06 Outback 25RSS I have no power on radio but the fuse is good any ideas?


----------



## CamperAndy (Aug 26, 2004)

Did you check the in-line fuse behind the radio?


----------



## ditchdoc1017 (Nov 6, 2011)

I pulled radio did not see a inline will pull it again.


----------



## ditchdoc1017 (Nov 6, 2011)

Ok it has no inline fuse any ideas?


----------



## Snow (Sep 27, 2011)

Did you test the fuse or just look at it ?? I have had more then one fuse go bad that visually appeared fine .. If you replaced it, get a volt meter and confirm you have 12 volt's getting to the radio ... If you have 12 volt's at the radio then it is either a bad radio, or if equipped the internal fuse in the radio is blown ... At any rate if a fuse did blow the more important thing to figure out is why did it blow?? ...


----------



## CamperAndy (Aug 26, 2004)

ditchdoc1017 said:


> Ok it has no inline fuse any ideas?


For this vintage of trailer they all had in line fuses behind the radio.
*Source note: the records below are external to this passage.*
(* Let $\gamma\in\mathbb{R}$ and $|a|$ small. The operator $\mathcal Q_a(\mu,\gamma)$ is not invertible in $L^2_0(\mathbb{T})$ for some $\mu\in\mathbb{C}$ if and only if $\mu$ belongs to the $L^2_0(\mathbb{T})$-spectrum of the operator $$\mathcal H_a(\gamma)=ck\partial_z+k^3\partial_z^3+6k\rho\,\partial_z(w\,\cdot)-\tfrac32\phi^2k\,\partial_z(w^2\,\cdot)-\frac{3\gamma^2}{k}\partial_z^{-1}-3i\phi\gamma\, w_z\,\partial_z^{-1}.$$
   Context: Here $\rho,\phi\in\mathbb{R}$, $k>0$, and $w$, $c$ describe the small-amplitude periodic traveling wave of the Konopelchenko–Dubrovsky equation: $w$ is smooth, real, even and $2\pi$-periodic, $w(z)=a\cos z+a^2(A_0+A_2\cos 2z)+a^3A_3\cos 3z+O(a^4)$, $c=k^2+a^2c_2+O(a^4)$, with $A_0=-\frac{3\rho}{2k^2}$, $A_2=\frac{\rho}{2k^2}$, $A_3=-\frac{\phi^2}{64k^2}+\frac{3\rho^2}{16k^4}$, $c_2=\frac{3\phi^2}{8}+\frac{15\rho^2}{2k^2}$. $L^2_0(\mathbb{T})$ is the space of $2\pi$-periodic square-integrable functions with zero mean, on which $\partial_z$ is invertible; $\mathcal H_a(\gamma)$ acts in $L^2_0(\mathbb{T})$ with domain $H^3(\mathbb{T})\cap L^2_0(\mathbb{T})$. The operator $\mathcal Q_a(\mu,\gamma)$ is $\mathcal Q_a(\mu,\gamma)\psi=k\big(\mu-kc\partial_z-k^3\partial_z^3-6k\rho\,\partial_z(w\,\cdot)+\tfrac32\phi^2k\,\partial_z(w^2\cdot)\big)\partial_z\psi+3\gamma^2\psi+3i\phi k\gamma w_z\psi$. *)

theory Defs
  imports "HOL-Analysis.Analysis"
begin

text \<open>
  Model of L^2_0(T) via the Fourier (Parseval) unitary isomorphism:
  a 2pi-periodic square integrable zero-mean function psi is represented by
  its Fourier coefficients  psi_hat : int => complex  with psi_hat 0 = 0.
  Under this isomorphism d/dz becomes multiplication by i n, and
  multiplication by a smooth periodic function g becomes convolution with
  the Fourier coefficients of g.
\<close>

definition L2_0 :: "(int \<Rightarrow> complex) set" where
  "L2_0 = {f. f 0 = 0 \<and> (\<lambda>n. (norm (f n))\<^sup>2) summable_on UNIV}"

definition l2norm :: "(int \<Rightarrow> complex) \<Rightarrow> real" where
  "l2norm f = sqrt (\<Sum>\<^sub>\<infinity>n. (norm (f n))\<^sup>2)"

definition Hs0 :: "nat \<Rightarrow> (int \<Rightarrow> complex) set" where
  "Hs0 s = {f \<in> L2_0. (\<lambda>n. (real_of_int n) ^ (2 * s) * (norm (f n))\<^sup>2) summable_on UNIV}"

definition fcoef :: "(real \<Rightarrow> complex) \<Rightarrow> int \<Rightarrow> complex" where
  "fcoef g n = integral {0..2*pi} (\<lambda>z. g z * exp (- \<i> * of_int n * of_real z)) / of_real (2*pi)"
text \<open>Single-qubit state vectors are pairs (amplitude of |0>, amplitude of |1>)
  in complex x complex.\<close>

type_synonym qstate = "complex \<times> complex"

definition ket0 :: qstate where "ket0 = (1, 0)"
definition ket1 :: qstate where "ket1 = (0, 1)"

definition braket :: "qstate \<Rightarrow> qstate \<Rightarrow> complex" where
  "braket u v = cnj (fst u) * fst v + cnj (snd u) * snd v"

definition cscale :: "complex \<Rightarrow> qstate \<Rightarrow> qstate" where
  "cscale c u = (c * fst u, c * snd u)"

definition sigma_x :: "qstate \<Rightarrow> qstate" where
  "sigma_x u = (snd u, fst u)"
definition sigma_y :: "qstate \<Rightarrow> qstate" where
  "sigma_y u = (- \<i> * snd u, \<i> * fst u)"
definition sigma_z :: "qstate \<Rightarrow> qstate" where
  "sigma_z u = (fst u, - snd u)"

definition I_x :: "qstate \<Rightarrow> qstate" where "I_x u = cscale (1/2) (sigma_x u)"
definition I_y :: "qstate \<Rightarrow> qstate" where "I_y u = cscale (1/2) (sigma_y u)"
definition I_z :: "qstate \<Rightarrow> qstate" where "I_z u = cscale (1/2) (sigma_z u)"

definition hamiltonian :: "real \<Rightarrow> real \<Rightarrow> real \<Rightarrow> qstate \<Rightarrow> qstate" where
  "hamiltonian om ex ey u =
     cscale (complex_of_real (1 + om)) (I_z u) + cscale (complex_of_real ex) (I_x u)
     + cscale (complex_of_real ey) (I_y u)"
lemma nonzero_if_log_deriv_bounded:
  fixes g g' :: "real \<Rightarrow> real"
  assumes deriv: "\<And>t. (g has_real_derivative g' t) (at t)"
    and "a < s"
    and nonzero: "\<And>u. a \<le> u \<Longrightarrow> u < s \<Longrightarrow> g u \<noteq> 0"
    and bounded: "\<And>u. a \<le> u \<Longrightarrow> u < s \<Longrightarrow> \<bar>g' u / g u\<bar> \<le> K"
  shows "g s \<noteq> 0"
proof -
  have "0 \<le> K"
    using bounded[of a] \<open>a < s\<close> by linarith
  define c where "c = exp (ln ((g a)^2) - 2 * K * (s - a))"
  have lower: "c \<le> (g u)^2" if "a \<le> u" "u < s" for u
  proof -
    have "norm (ln ((g u)^2) - ln ((g a)^2)) \<le> 2 * K * norm (u - a)"
    proof (rule field_differentiable_bound[where S = "{a..u}" and f' = "\<lambda>t. 2 * (g' t / g t)"])
      fix t assume t: "t \<in> {a..u}"
      have "((\<lambda>t. ln ((g t)^2)) has_real_derivative 2 * (g' t / g t)) (at t)"
        using deriv[of t] nonzero[of t] t \<open>u < s\<close>
        by (auto intro!: derivative_eq_intros simp: field_simps power2_eq_square zero_less_mult_iff)
      then show "((\<lambda>t. ln ((g t)^2)) has_real_derivative 2 * (g' t / g t)) (at t within {a..u})"
        by (rule has_field_derivative_at_within)
      show "norm (2 * (g' t / g t)) \<le> 2 * K"
        using bounded[of t] t \<open>u < s\<close> by simp
    qed (use that in auto)
    moreover have "2 * K * norm (u - a) \<le> 2 * K * (s - a)"
      using that \<open>0 \<le> K\<close> by (intro mult_left_mono) auto
    ultimately have "ln ((g a)^2) - 2 * K * (s - a) \<le> ln ((g u)^2)"
      unfolding real_norm_def by linarith
    then show ?thesis
      unfolding c_def using nonzero[OF that] by (metis exp_ln exp_le_cancel_iff zero_less_power2)
  qed
  have "((\<lambda>u. (g u)^2) \<longlongrightarrow> (g s)^2) (at_left s)"
    using DERIV_isCont[OF deriv[of s]]
    by (intro tendsto_intros) (simp add: isCont_def filterlim_at_split)
  moreover have "eventually (\<lambda>u. c \<le> (g u)^2) (at_left s)"
    using eventually_at_left_real[OF \<open>a < s\<close>] by eventually_elim (use lower in auto)
  ultimately have "c \<le> (g s)^2"
    by (rule tendsto_lowerbound) simp
  then show ?thesis
    unfolding c_def by (metis exp_gt_zero not_le power_zero_numeral)
qed

lemma arctan_ratio_diff_le:
  fixes g g1 g2 :: "real \<Rightarrow> real"
  assumes d1: "\<And>t. (g has_real_derivative g1 t) (at t)"
    and d2: "\<And>t. (g1 has_real_derivative g2 t) (at t)"
    and rate: "\<And>t. g t \<noteq> 0 \<Longrightarrow> \<bar>(g t * g2 t - (g1 t)^2) / ((g t)^2 + (g1 t)^2)\<bar> \<le> M"
    and "a \<le> b" and nonzero: "\<And>t. a \<le> t \<Longrightarrow> t \<le> b \<Longrightarrow> g t \<noteq> 0"
  shows "\<bar>arctan (g1 b / g b) - arctan (g1 a / g a)\<bar> \<le> M * (b - a)"
proof -
  have "norm (arctan (g1 b / g b) - arctan (g1 a / g a)) \<le> M * norm (b - a)"
  proof (rule field_differentiable_bound[where S = "{a..b}"
        and f' = "\<lambda>t. (g t * g2 t - (g1 t)^2) / ((g t)^2 + (g1 t)^2)"])
    fix t assume t: "t \<in> {a..b}"
    show "((\<lambda>t. arctan (g1 t / g t)) has_real_derivative
            (g t * g2 t - (g1 t)^2) / ((g t)^2 + (g1 t)^2)) (at t within {a..b})"
      using DERIV_arctan_divide[OF d1 d2 nonzero] t
      by (auto simp: power2_eq_square intro: has_field_derivative_at_within)
    show "norm ((g t * g2 t - (g1 t)^2) / ((g t)^2 + (g1 t)^2)) \<le> M"
      using rate nonzero t by simp
  qed (use \<open>a \<le> b\<close> in auto)
  then show ?thesis
    using \<open>a \<le> b\<close> by simp
qed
Do you still have the stock Jensen radio? If you do not have the inline fuse and the trailer batteries were ever connected backwards you may have a fried radio. Have you checked to see if there is voltage on the power wire but just not powering up the radio?


----------



## ditchdoc1017 (Nov 6, 2011)

OK I WILL CHANGE FUSE.


----------



## Joe/GA (Aug 14, 2009)

A lot of radios have a power plug at the back of the radio so you can disconnect it easily. Unfortunately, the plugs are not always the best quality. Try disconnecting and re-conecting and see if that helps. If you have a bad plug, you may want to make direct connections and eliminate the plug.
When troubleshooting, you always want to go to the end of the line (at the radio) and check for power with a multimeter. If it's not there, you go all the way back to the source which is the converter and the fuse in the converter. If it's there, you, you have a break in the wiring somewhere. This is not good. However, as CamperAndy said, most do have a fuse behind the radio. 
Good luck and tell us what you find.


----------



## ditchdoc1017 (Nov 6, 2011)

Make sure fuse is in right place, duh.Fixed it someone had taken fuse out.


----------



## gzaleski (Aug 29, 2009)

Oops


----------



## Insomniak (Jul 7, 2006)

ditchdoc1017 said:


> Make sure fuse is in right place, duh.Fixed it someone had taken fuse out.


Gotta find that "someone" and lecture them...


----------



## ditchdoc1017 (Nov 6, 2011)

We have just brought the Tt .trying to get everything in order.


----------